Dann treffe ich mich mit meinem tandempartner. Wir übersetzen diese schönen transparente, die überall hängen und sehr akkurat handgemalte parolen zu bieten haben. Vermutlich sitzen da ganze kollektive von werktätigen wochenlang und malen (anstatt sich ihrer arbeit zu widmen) transparente, auf denen sie ihre unverbrüchliche treue mit dem präsidenten (oder wem auch immer) bekunden.

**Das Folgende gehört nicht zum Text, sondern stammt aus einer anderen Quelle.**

subsection \<open>The support of the sequence a\<close>

lemma idx_Suc: "p > 0 \<Longrightarrow> idx p d r + 1 = p ^ r * (p ^ (nat \<lfloor>d * real r\<rfloor> + 1) + 1)"
  unfolding idx_def by simp

text \<open>The index sequence is strictly increasing, so the r with n = k_r is unique.\<close>
lemma idx_strict_mono:
  assumes p: "p > 1" and d: "d \<ge> 0"
  shows "strict_mono (idx p d)"
proof (rule strict_monoI_Suc)
  fix r
  let ?m = "nat \<lfloor>d * real r\<rfloor>" and ?m' = "nat \<lfloor>d * real (Suc r)\<rfloor>"
  have "?m \<le> ?m'" using d by (intro nat_mono floor_mono mult_left_mono) auto
  hence le: "p ^ (?m + 1) \<le> p ^ (?m' + 1)" using p by (simp add: power_increasing)
  have "idx p d r + 1 = p ^ r * (p ^ (?m + 1) + 1)" by (rule idx_Suc) (use p in simp)
  also have "\<dots> < p * (p ^ r * (p ^ (?m + 1) + 1))" using p by (intro n_less_m_mult_n) simp_all
  also have "\<dots> \<le> p * (p ^ r * (p ^ (?m' + 1) + 1))" using le by simp
  also have "\<dots> = idx p d (Suc r) + 1" using p idx_Suc[of p d "Suc r"] by (simp add: algebra_simps)
  finally show "idx p d r < idx p d (Suc r)" by simp
qed

lemma seq_a_idx:
  assumes p: "p > 1" and s: "\<sigma>' < \<sigma>" "\<sigma> < 1"
  shows "seq_a p \<sigma> \<sigma>' (idx p ((\<sigma> - \<sigma>') / (1 - \<sigma>)) r) = of_nat p ^ nat \<lfloor>\<sigma>' * real r\<rfloor>"
proof -
  let ?d = "(\<sigma> - \<sigma>') / (1 - \<sigma>)"
  have "?d \<ge> 0" using s by simp
  hence "inj (idx p ?d)" using idx_strict_mono[OF p] strict_mono_imp_inj_on by blast
  hence "(THE r'. idx p ?d r = idx p ?d r') = r" by (auto dest: injD)
  thus ?thesis unfolding seq_a_def Let_def by auto
qed

lemma seq_a_outside:
  assumes "\<nexists>r. k = idx p ((\<sigma> - \<sigma>') / (1 - \<sigma>)) r"
  shows "seq_a p \<sigma> \<sigma>' k = 0"
  using assms unfolding seq_a_def Let_def by auto

text \<open>k_r + 1 = p^r (p^(m+1) + 1) with the second factor prime to p.\<close>
lemma multiplicity_idx_Suc:
  assumes p: "prime p"
  shows "multiplicity (int p) (int (idx p d r + 1)) = r"
proof -
  have p1: "p > 1" using p prime_gt_1_nat by auto
  have pe: "prime_elem (int p)" using p by simp
  define M where "M = int p ^ (nat \<lfloor>d * real r\<rfloor> + 1) + 1"
  have split: "int (idx p d r + 1) = int p ^ r * M"
    unfolding M_def idx_Suc[OF order.strict_trans[OF zero_less_one p1]] by (simp add: algebra_simps)
  have coprime: "\<not> int p dvd M"
  proof
    assume "int p dvd M"
    hence "int p dvd 1" unfolding M_def by (simp add: dvd_add_right_iff)
    thus False using p1 by simp
  qed
  hence "M \<noteq> 0" by auto
  hence "multiplicity (int p) (int (idx p d r + 1))
         = multiplicity (int p) (int p ^ r) + multiplicity (int p) M"
    unfolding split using pe p1 by (intro prime_elem_multiplicity_mult_distrib) auto
  also have "\<dots> = r"
    using pe coprime by (simp add: multiplicity_prime_power not_dvd_imp_multiplicity_0)
  finally show ?thesis .
qed

subsection \<open>Absolute values of the coefficients of c_n\<close>

lemma padic_abs_coef_c:
  assumes p: "prime p" and s: "\<sigma>' < \<sigma>" "\<sigma> < 1"
    and k: "n + j = idx p ((\<sigma> - \<sigma>') / (1 - \<sigma>)) r"
  shows "padic_abs p (coef_c p \<sigma> \<sigma>' n j) = real p powr
           (real (multiplicity (int p) (int (n + 1))) - real (nat \<lfloor>\<sigma>' * real r\<rfloor>)
            - real (multiplicity (int p) (int (n + j choose n))))"
proof -
  let ?e = "nat \<lfloor>\<sigma>' * real r\<rfloor>" and ?C = "int (n + j choose n)"
  have p1: "p > 1" using p prime_gt_1_nat by auto
  have "coef_c p \<sigma> \<sigma>' n j = of_int (int p ^ ?e * ?C) / of_int (int (n + 1))"
    unfolding coef_c_def k seq_a_idx[OF p1 s] by simp
  moreover have "?C \<noteq> 0" "int p ^ ?e \<noteq> 0" using p1 by simp_all
  hence "padic_abs p (of_int (int p ^ ?e * ?C) / of_int (int (n + 1))) = real p powr
           (real (multiplicity (int p) (int (n + 1))) - real (multiplicity (int p) (int p ^ ?e * ?C)))"
    by (intro padic_abs_of_int_div[OF p]) auto
  moreover have "multiplicity (int p) (int p ^ ?e * ?C) = ?e + multiplicity (int p) ?C"
    using \<open>?C \<noteq> 0\<close> p by (simp add: prime_elem_multiplicity_mult_distrib multiplicity_prime_power)
  ultimately show ?thesis by (simp add: algebra_simps)
qed

lemma padic_abs_coef_c_le:
  assumes p: "prime p" and s: "0 \<le> \<sigma>'" "\<sigma>' < \<sigma>" "\<sigma> < 1"
  shows "padic_abs p (coef_c p \<sigma> \<sigma>' n j) \<le> real p * real (n + 1) powr (1 - \<sigma>')"
proof (cases "\<exists>r. n + j = idx p ((\<sigma> - \<sigma>') / (1 - \<sigma>)) r")
  case False
  hence "coef_c p \<sigma> \<sigma>' n j = 0" unfolding coef_c_def using seq_a_outside by auto
  thus ?thesis unfolding padic_abs_def by simp
next
  case True
  then obtain r where k: "n + j = idx p ((\<sigma> - \<sigma>') / (1 - \<sigma>)) r" by blast
  let ?v = "\<lambda>x. multiplicity (int p) (int x)"
  let ?e = "nat \<lfloor>\<sigma>' * real r\<rfloor>"
  define u where "u = min r (?v (n + 1))"
  have p1: "p > 1" using p prime_gt_1_nat by auto
  have "?v (Suc (n + j)) = r" using multiplicity_idx_Suc[OF p] k by simp
  hence "?v (n + 1) \<le> r + ?v (n + j choose n)"
    using multiplicity_binomial_shift[OF p, of n "n + j"] by simp
  hence exp_le_u: "real (?v (n + 1)) - real ?e - real (?v (n + j choose n)) \<le> real u - real ?e"
    unfolding u_def by simp
  have "real ?e \<ge> \<sigma>' * real r - 1" using s(1) by linarith
  moreover have "\<sigma>' * real u \<le> \<sigma>' * real r" using s(1) unfolding u_def by (simp add: mult_left_mono)
  ultimately have exp_le: "real u - real ?e \<le> 1 + real u * (1 - \<sigma>')" by (simp add: algebra_simps)
  have "int p ^ u dvd int (n + 1)" by (rule multiplicity_dvd') (simp add: u_def)
  hence "p ^ u dvd n + 1" by (metis of_nat_dvd_iff of_nat_power)
  hence "p ^ u \<le> n + 1" by (rule dvd_imp_le) simp
  hence pu: "real p ^ u \<le> real (n + 1)" by (metis of_nat_le_iff of_nat_power)
  have "padic_abs p (coef_c p \<sigma> \<sigma>' n j) \<le> real p powr (1 + real u * (1 - \<sigma>'))"
    unfolding padic_abs_coef_c[OF p s(2,3) k] using exp_le_u exp_le p1 by (intro powr_mono) auto
  also have "\<dots> = real p * (real p powr real u) powr (1 - \<sigma>')"
    using p1 by (simp add: powr_add powr_powr)
  also have "\<dots> = real p * (real p ^ u) powr (1 - \<sigma>')"
    using p1 by (simp add: powr_realpow)
  also have "\<dots> \<le> real p * real (n + 1) powr (1 - \<sigma>')"
    using pu s p1 by (intro mult_left_mono powr_mono2) auto
  finally show ?thesis .
qed

lemma padic_abs_coef_c_ge:
  assumes p: "prime p" and s: "0 \<le> \<sigma>'" "\<sigma>' < \<sigma>" "\<sigma> < 1"
  shows "\<exists>j. real (p ^ r) powr (1 - \<sigma>') \<le> padic_abs p (coef_c p \<sigma> \<sigma>' (p ^ r - 1) j)"
proof -
  let ?d = "(\<sigma> - \<sigma>') / (1 - \<sigma>)" and ?e = "nat \<lfloor>\<sigma>' * real r\<rfloor>"
  define n where "n = p ^ r - 1"
  define N where "N = p ^ (r + (nat \<lfloor>?d * real r\<rfloor> + 1))"
  have p1: "p > 1" using p prime_gt_1_nat by auto
  have n1: "n + 1 = p ^ r" unfolding n_def using p1 by simp
  have "idx p ?d r + 1 = N + (n + 1)" unfolding N_def n1 using idx_Suc p1
    by (simp add: power_add algebra_simps)
  hence k: "n + N = idx p ?d r" by simp
  have "multiplicity (int p) (int (n + N choose n)) = 0"
    unfolding add.commute[of n] by (rule multiplicity_binomial_unit[OF p, of r]) (use p1 in \<open>auto simp: N_def n_def power_add\<close>)
  moreover have "multiplicity (int p) (int (n + 1)) = r" unfolding n1 using p
    by (simp add: multiplicity_prime_power)
  ultimately have abs_eq: "padic_abs p (coef_c p \<sigma> \<sigma>' n N) = real p powr (real r - real ?e)"
    using padic_abs_coef_c[OF p s(2,3) k] by simp
  have "real ?e = real_of_int \<lfloor>\<sigma>' * real r\<rfloor>" using s(1) by simp
  hence "real ?e \<le> \<sigma>' * real r" by linarith
  hence "real (p ^ r) powr (1 - \<sigma>') \<le> real p powr (real r - real ?e)"
    using p1 by (simp add: powr_realpow[symmetric] powr_powr algebra_simps)
  thus ?thesis unfolding abs_eq[symmetric] n_def by blast
qed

Eines dieser transparente ruft zu einer demonstration gegen das rauchen auf. Das ist ein geschickter schachzug, denn das nun seit einigen wochen geltende absolute rauchverbot hat nicht nur freunde (um es mal vorsichtig auszudrücken). Das verbot wurde anscheinend nicht von einer entsprechenden kampagne flankiert, die über gesundheitliche schäden des rauchens aufklärt. Die meisten raucher (und rauchen tun wie gesagt fast alle) wissen vermutlich gar nicht, dass das rauchen gesundheitsschädlich sein kann. Demensprechend verständnislos stehen sie dem verbot gegenüber. mein taxifahrer gestern zum beispiel meinte, der stau im abendverkehr sei nun wegen des rauchverbots viel schlimmer geworden. Überhaupt sei das ganze leben wegen des rauchverbots nun nicht mehr lebenswert. Und tatsächlich lassen sich erste subversive bestrebungen gegen das verbot erkennen. Während in den ersten tagen die aschenbecher weggeräumt waren und die cafes leer blieben, stehen heute zum beispiel im cafe havanna wieder aschenbecher auf den tischen und die anwesenden gäste rauchen wie zuvor. Eine demonstration, bei der die werktätigen massen (zumindest alle beamten und behördenmitarbeiter) ihre unterstützung dem neuen rauchfreien regierungskurs gegenüber beteuern, kommt da gerade zur rechten zeit. Ich finde die idee einer demonstration gegens rauchen so phantastisch, dass ich überlege noch gleich weitere demonstrationen vorzuschlagen. Warum nicht eine demonstration gegen fußpilz?